I started here in December 2008 and worked a full year straight before going back to school for a semester. After doing all of my interviews I knew Tetramer was the company that I wanted to go too. It was small but it would give me an opportunity to contribute through applying what I had been studying in school in a hands- on manner. I was originally assigned to a project focused on soy wax replacements for current petroleum products on the market. In specific I worked on candles. Every day I was able to work in a lab and design my own experiments. I would have to report my findings to my bosses who would then instruct me how to proceed forward. Thus I had a reasonable amount of work which I was held accountable. The small team sizes meant that expectations were higher and thus it was imperative that I take an active part in my project. I learned how to use a variety of lab equipment and learned how to efficiently analyze and present data. Upon returning to school I posted my highest ever single semester GPA at Clemson despite the fact that I had a year layoff.
CES 403 OR 603: CAREER SUCCESS IN RESEARCH AND DEVELOPMENT (download .pdf flyer) Originally funded by the NSF Discovery Corp Fellowship Program, a "program seeking . . . professional development models that combine research with service-oriented projects. . that address areas of national need (including . . . workforce development and job creation, and innovative linkages between chemistry and other fields)," CES 403/603 "Career Success in Research and Development" is Dr. Earl Wagener's chance to teach undergraduates and graduates at Clemson University what you need to know before going into an industrial setting. Dr. Wagener, a Clemson University graduate who has spent 39 years in global industrial R&D at Dow Chemical, Stepan Company, and Clemson University spin-off Tetramer, teaches the course and provides an insider’s look at how to successfully use the tools and processes needed to pursue a rewarding career.

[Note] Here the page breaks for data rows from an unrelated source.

lemma connected_subset_induced_subgraph_Un_crossing:
  assumes S: "S \<subseteq> \<Gamma>" "connected S" "V \<inter> S \<noteq> {}"
  shows "S \<subseteq> induced_subgraph (V \<inter> S) \<union> (\<Union>(a,b)\<in>crossing_edges (V \<inter> S). closed_segment a b)"
proof
  fix x assume "x \<in> S"
  with S(1) have "x \<in> \<Gamma>" by blast
  then show "x \<in> induced_subgraph (V \<inter> S) \<union> (\<Union>(a,b)\<in>crossing_edges (V \<inter> S). closed_segment a b)"
  proof (cases rule: point_cases)
    case 1 then show ?thesis using \<open>x \<in> S\<close> by (simp add: induced_subgraph_def)
  next
    case (2 a b)
    have x: "x \<in> closed_segment a b" using 2(2) by (rule open_closed_segment)
    have "a \<in> S \<or> b \<in> S"
    proof (rule ccontr)
      assume "\<not> (a \<in> S \<or> b \<in> S)"
      then have "S \<subseteq> closed_segment a b"
        using connected_subset_edge[OF 2(1) S(1,2)] x \<open>x \<in> S\<close> by blast
      moreover obtain v where "v \<in> V" "v \<in> S" using S(3) by blast
      ultimately show False
        using \<open>\<not> (a \<in> S \<or> b \<in> S)\<close> by (auto elim: edge_point_cases[OF 2(1)])
    qed
    then consider "a \<in> S" "b \<in> S" | "(a,b) \<in> crossing_edges (V \<inter> S)"
      using edge_ends[OF 2(1)] 2(1) by (auto simp: crossing_edges_def)
    then show ?thesis
    proof cases
      case 1 then show ?thesis
        using 2(1) edge_ends[OF 2(1)] x by (auto simp: induced_subgraph_def)
    qed (use x in blast)
  qed
qed

lemma induced_subgraph_retract_of:
  assumes S: "S \<subseteq> \<Gamma>" "closed S" "connected S" "V \<inter> S \<noteq> {}"
  shows "induced_subgraph (V \<inter> S) retract_of S"
proof -
  define W where "W = V \<inter> S"
  define K where "K = induced_subgraph W"
  define r where "r x = (if x \<in> K then x else attachment W (edge_through x))" for x
  have W: "W \<subseteq> V" by (simp add: W_def)
  have r_crossing: "r x = attachment W (a,b)"
    if ab: "(a,b) \<in> crossing_edges W" and x: "x \<in> S" "x \<in> closed_segment a b" for a b x
  proof (cases "x \<in> K")
    case True
    then show ?thesis
      using crossing_edge_Int_induced_subgraph[OF ab W] x by (auto simp: r_def K_def)
  next
    case False
    have "x \<notin> V" using False x W_def K_def induced_subgraph_Int_V[OF W] by auto
    then have "x \<in> open_segment a b"
      using x edge_ends[OF crossing_edgesD(1)[OF ab]] by (auto simp: open_segment_def)
    then show ?thesis
      using False edge_through_eq[OF crossing_edgesD(1)[OF ab]] by (simp add: r_def)
  qed
  have "K retract_of S"
  proof (rule retract_of_collapsing_closed_pieces[where Q = "\<lambda>(a,b). closed_segment a b"
        and p = "attachment W" and r = r])
    show "K \<subseteq> S"
      unfolding K_def W_def by (rule induced_subgraph_subset[OF S(1-3)])
    show "S \<subseteq> K \<union> (\<Union>(a,b)\<in>crossing_edges W. closed_segment a b)"
      using connected_subset_induced_subgraph_Un_crossing[OF S(1,3,4)] unfolding K_def W_def .
    show "closed K" unfolding K_def using W by (rule closed_induced_subgraph)
    show "r x = x" if "x \<in> K" for x using that by (simp add: r_def)
    show "r x = attachment W e"
      if "e \<in> crossing_edges W" "x \<in> S" "x \<in> (\<lambda>(a,b). closed_segment a b) e" for e x
      using that r_crossing by (auto split: prod.splits)
    show "attachment W e \<in> K" if "e \<in> crossing_edges W" for e
      using that crossing_edgesD(2)[of "fst e" "snd e" W] by (simp add: K_def induced_subgraph_def)
  qed (simp_all add: finite_crossing_edges S(2) split: prod.split)
  then show ?thesis unfolding K_def W_def .
qed

lemma AR_induced_subgraph:
  assumes "S \<subseteq> \<Gamma>" "closed S" "contractible S" "V \<inter> S \<noteq> {}"
  shows "AR (induced_subgraph (V \<inter> S))"
proof -
  have "induced_subgraph (V \<inter> S) retract_of S"
    using assms contractible_imp_connected by (intro induced_subgraph_retract_of) auto
  then have "contractible (induced_subgraph (V \<inter> S))"
    using assms(3) retract_of_contractible by blast
  moreover have "induced_subgraph (V \<inter> S) \<noteq> {}"
    using assms(4) by (auto simp: induced_subgraph_def)
  ultimately show ?thesis
    using ANR_induced_subgraph by (simp add: AR_ANR)
qed

lemma edge_interp_superlevel_eq:
  fixes u :: "'a \<Rightarrow> real" and c :: real
  defines "W \<equiv> {v\<in>V. c \<le> u v}"
  shows "{x\<in>\<Gamma>. c \<le> edge_interp u x}
    = induced_subgraph W \<union> (\<Union>(a,b)\<in>crossing_edges W. {x\<in>closed_segment a b. c \<le> edge_interp u x})"
    (is "?T = ?K \<union> ?P")
proof (rule equalityI)
  show "?T \<subseteq> ?K \<union> ?P"
  proof (rule subsetI)
    fix x assume "x \<in> ?T"
    then have "x \<in> \<Gamma>" and c_le: "c \<le> edge_interp u x" by auto
    from \<open>x \<in> \<Gamma>\<close> show "x \<in> ?K \<union> ?P"
    proof (cases rule: point_cases)
      case 1 then show ?thesis using c_le by (simp add: W_def induced_subgraph_def)
    next
      case (2 a b)
      have x: "x \<in> closed_segment a b" using 2(2) by (rule open_closed_segment)
      have "a \<in> W \<or> b \<in> W"
      proof (rule ccontr)
        assume "\<not> (a \<in> W \<or> b \<in> W)"
        then have "edge_interp u x \<in> {..<c}"
          using edge_ends[OF 2(1)] by (intro edge_interp_edge_mem_convex[OF 2(1) x]) (auto simp: W_def)
        then show False using c_le by simp
      qed
      then consider "a \<in> W" "b \<in> W" | "(a,b) \<in> crossing_edges W"
        using 2(1) by (auto simp: crossing_edges_def)
      then show ?thesis
      proof cases
        case 1 then show ?thesis using 2(1) x by (auto simp: induced_subgraph_def)
      next
        case 2 then show ?thesis using x c_le by blast
      qed
    qed
  qed
  have "c \<le> edge_interp u x" if "(a,b) \<in> E" "a \<in> W" "b \<in> W" "x \<in> closed_segment a b" for a b x
    using edge_interp_edge_mem_convex[OF that(1,4), of "{c..}"] that(2,3) by (simp add: W_def)
  then have "?K \<subseteq> ?T"
    using V_subset edge_subset by (fastforce simp: induced_subgraph_def W_def)
  moreover have "?P \<subseteq> ?T"
    using edge_subset by (auto simp: crossing_edges_def)
  ultimately show "?K \<union> ?P \<subseteq> ?T" by blast
qed

lemma edge_superlevel_piece:
  assumes e: "(a,b) \<in> E"
  shows "convex {x\<in>closed_segment a b. c \<le> edge_interp u x}"
    and "closed {x\<in>closed_segment a b. c \<le> edge_interp u x}"
proof -
  have eq: "{x\<in>closed_segment a b. c \<le> edge_interp u x}
      = closed_segment a b \<inter> {x. c \<le> (1 - seg_coord a b x) * u a + seg_coord a b x * u b}"
    using edge_interp_edge[OF e] by auto
  show "convex {x\<in>closed_segment a b. c \<le> edge_interp u x}"
    unfolding eq by (intro convex_Int convex_closed_segment convex_seg_coord_superlevel)
  show "closed {x\<in>closed_segment a b. c \<le> edge_interp u x}"
    unfolding eq by (intro closed_Int closed_segment closed_Collect_le continuous_intros)
qed

lemma crossing_piece_attached:
  assumes W: "W = {v\<in>V. c \<le> u v}" and ab: "(a,b) \<in> crossing_edges W"
  shows "attachment W (a,b) \<in> induced_subgraph W"
    and "attachment W (a,b) \<in> {x\<in>closed_segment a b. c \<le> edge_interp u x}"
    and "{x\<in>closed_segment a b. c \<le> edge_interp u x} \<inter> (induced_subgraph W \<union>
          (\<Union>(a',b')\<in>crossing_edges W - {(a,b)}. {x\<in>closed_segment a' b'. c \<le> edge_interp u x}))
        \<subseteq> {attachment W (a,b)}"
proof -
  note cross = crossing_edgesD[OF ab]
  have W_V: "W \<subseteq> V" by (simp add: W)
  show "attachment W (a,b) \<in> induced_subgraph W"
    using cross(2) by (simp add: induced_subgraph_def)
  show "attachment W (a,b) \<in> {x\<in>closed_segment a b. c \<le> edge_interp u x}"
    using cross(2,3) by (simp add: W)
  have K_meet: "closed_segment a b \<inter> induced_subgraph W \<subseteq> {attachment W (a,b)}"
    using crossing_edge_Int_induced_subgraph[OF ab W_V] by simp
  have "x \<in> induced_subgraph W"
    if "x \<in> closed_segment a b" "c \<le> edge_interp u x"
      "(a',b') \<in> crossing_edges W" "(a',b') \<noteq> (a,b)" "x \<in> closed_segment a' b'" for x a' b'
  proof -
    have "x \<in> V"
      using edges_meet_in_V[OF cross(1) crossing_edgesD(1)[OF that(3)] that(4,1,5)] .
    then show ?thesis
      using that(2) by (simp add: W induced_subgraph_def)
  qed
  then show "{x\<in>closed_segment a b. c \<le> edge_interp u x} \<inter> (induced_subgraph W \<union>
          (\<Union>(a',b')\<in>crossing_edges W - {(a,b)}. {x\<in>closed_segment a' b'. c \<le> edge_interp u x}))
        \<subseteq> {attachment W (a,b)}"
    using K_meet by blast
qed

The course is open to all college of engineering and science junior and senior undergraduate and graduate students interested in a career in industry. Not only will this course enhance a resume, but it also provides a clear understanding of the future research and development working environment which will help a student avoid the land mines many encounter early on.

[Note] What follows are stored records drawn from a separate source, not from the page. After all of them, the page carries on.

lemma variance_opinion_bias_tendsto_0:
  assumes "0 < a" "0 < c" "window_growth c \<longlonglongrightarrow> 0"
  shows "(\<lambda>t. measure_pmf.variance (spread t) opinion_bias) \<longlonglongrightarrow> 0"
proof -
  define c' where "c' = min c (1/4)"
  have c': "0 < c'" "c' \<le> c" "c' < 1/2" using assms(2) by (auto simp: c'_def)
  define \<theta> where "\<theta> = 1 - 2*a"
  have "\<theta>*(1-b) / (1 - \<theta>*b) < 1"
  proof -
    have \<theta>: "0 \<le> \<theta>" "\<theta> < 1" using assms(1) a_le_half by (auto simp: \<theta>_def)
    then have "0 < 1 - \<theta>*b" using mult_left_le[OF b_le_1 \<theta>(1)] by linarith
    moreover have "\<theta>*(1-b) < 1 - \<theta>*b" using \<theta> by (simp add: algebra_simps)
    ultimately show ?thesis by simp
  qed
  moreover have "(\<lambda>t::nat. real t powr (c' - 1/2)) \<longlonglongrightarrow> 0"
    using c' by real_asymp
  ultimately have small: "\<forall>\<^sub>F t in sequentially.
      real t powr (c' - 1/2) < min (1/2) (1 - \<theta>*(1-b) / (1 - \<theta>*b))"
    by (intro order_tendstoD(2)) auto
  have bound: "\<forall>\<^sub>F t in sequentially. measure_pmf.variance (spread t) opinion_bias
          \<le> 4 * exp (1 - real t powr (2*c') / 2) + 8 * window_growth c t"
    using small eventually_ge_at_top[of 1]
  proof eventually_elim
    case (elim t)
    show ?case
    proof (rule variance_opinion_bias_le_exp[OF assms(1) c'(1) elim(2)])
      fix s s' assume "s \<le> s'" "s' \<le> t" "real (s' - s) \<le> real t powr (1/2 + c')"
      moreover have "real t powr (1/2 + c') \<le> real t powr (0.5 + c)"
        using elim(2) c' by (intro powr_mono) auto
      ultimately show "real (card {v. s < level v \<and> level v \<le> s'})
          \<le> window_growth c t * real (card (tree_ball t))"
        by (intro card_levels_between_le_window_growth[OF assms(2) elim(2)]) auto
    qed (use elim(1) in \<open>auto simp: \<theta>_def\<close>)
  qed
  have exp_lim: "(\<lambda>t::nat. exp (1 - real t powr (2*c') / 2)) \<longlonglongrightarrow> 0"
    using c' by real_asymp
  have lim: "(\<lambda>t. 4 * exp (1 - real t powr (2*c') / 2) + 8 * window_growth c t) \<longlonglongrightarrow> 0"
    by (rule tendsto_add_zero[OF tendsto_mult_right_zero[OF exp_lim] tendsto_mult_right_zero[OF assms(3)]])
  have nonneg: "\<forall>\<^sub>F t in sequentially. 0 \<le> measure_pmf.variance (spread t) opinion_bias"
    by (intro always_eventually allI integral_nonneg_AE AE_pmfI) simp
  show ?thesis
    by (rule tendsto_sandwich[OF nonneg bound tendsto_const lim])
qed

end

theorem mainTheorem16:
  fixes E :: "'v \<Rightarrow> 'v \<Rightarrow> bool" and r :: 'v and p :: "'v \<Rightarrow> 'v"
    and a b c :: real
  assumes "undirected E" and "connected_graph E" and "locally_finite E"
    and "bfs_parent E r p"
    and "0 < a" and "a < 1/2" and "0 < b" and "b < 1" and "0 < c"
    and "(\<lambda>t::nat. Max {(real (volume E r s') - real (volume E r s)) / real (volume E r t) | s s'.
             s < s' \<and> s' \<le> t \<and> real (s' - s) \<le> real t powr (0.5 + c)}) \<longlonglongrightarrow> 0"
  shows "\<forall>\<eta>>0. \<exists>t0. \<forall>t\<ge>t0.
           measure_pmf.prob (spread_dist a b r p t)
             {f. \<bar>opinion_bias f - measure_pmf.expectation (spread_dist a b r p t) opinion_bias\<bar> > \<eta>}
           < \<eta>"
proof (intro allI impI)
  interpret spread_process E r p a b
    using assms(3-8) by unfold_locales auto
  have "window_growth c \<longlonglongrightarrow> 0"
    using assms(10) by (simp add: window_growth_def)
  then have variance: "(\<lambda>t. measure_pmf.variance (spread t) opinion_bias) \<longlonglongrightarrow> 0"
    using assms(5,9) by (intro variance_opinion_bias_tendsto_0)
  fix \<eta> :: real assume \<eta>: "0 < \<eta>"
  obtain t0 where "\<And>t. t0 \<le> t \<Longrightarrow> measure_pmf.variance (spread t) opinion_bias < \<eta>^3"
    using order_tendstoD(2)[OF variance, of "\<eta>^3"] \<eta> by (auto simp: eventually_sequentially)
  then show "\<exists>t0. \<forall>t\<ge>t0. measure_pmf.prob (spread t)
      {f. \<bar>opinion_bias f - measure_pmf.expectation (spread t) opinion_bias\<bar> > \<eta>} < \<eta>"
    using prob_abs_deviation_gt_lt[OF finite_set_spread \<eta>] by blast
qed

end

The course topics involve both the linear and non-linear aspects of career development including research project execution and prioritization, salary and benefits, intellectual property, how to react to performance reviews, career path options, insider’s advice and more. The course is designed for 5 member team assignments and will provide stimulating interactive discussion on how to succeed both personally and professionally in an industrial research environment.
This course has been incredibly successful, having received the highest student ratings in the College of Engineering and Science at Clemson. In addition, versions of this class have been adopted for use at Auburn and Virginia Tech.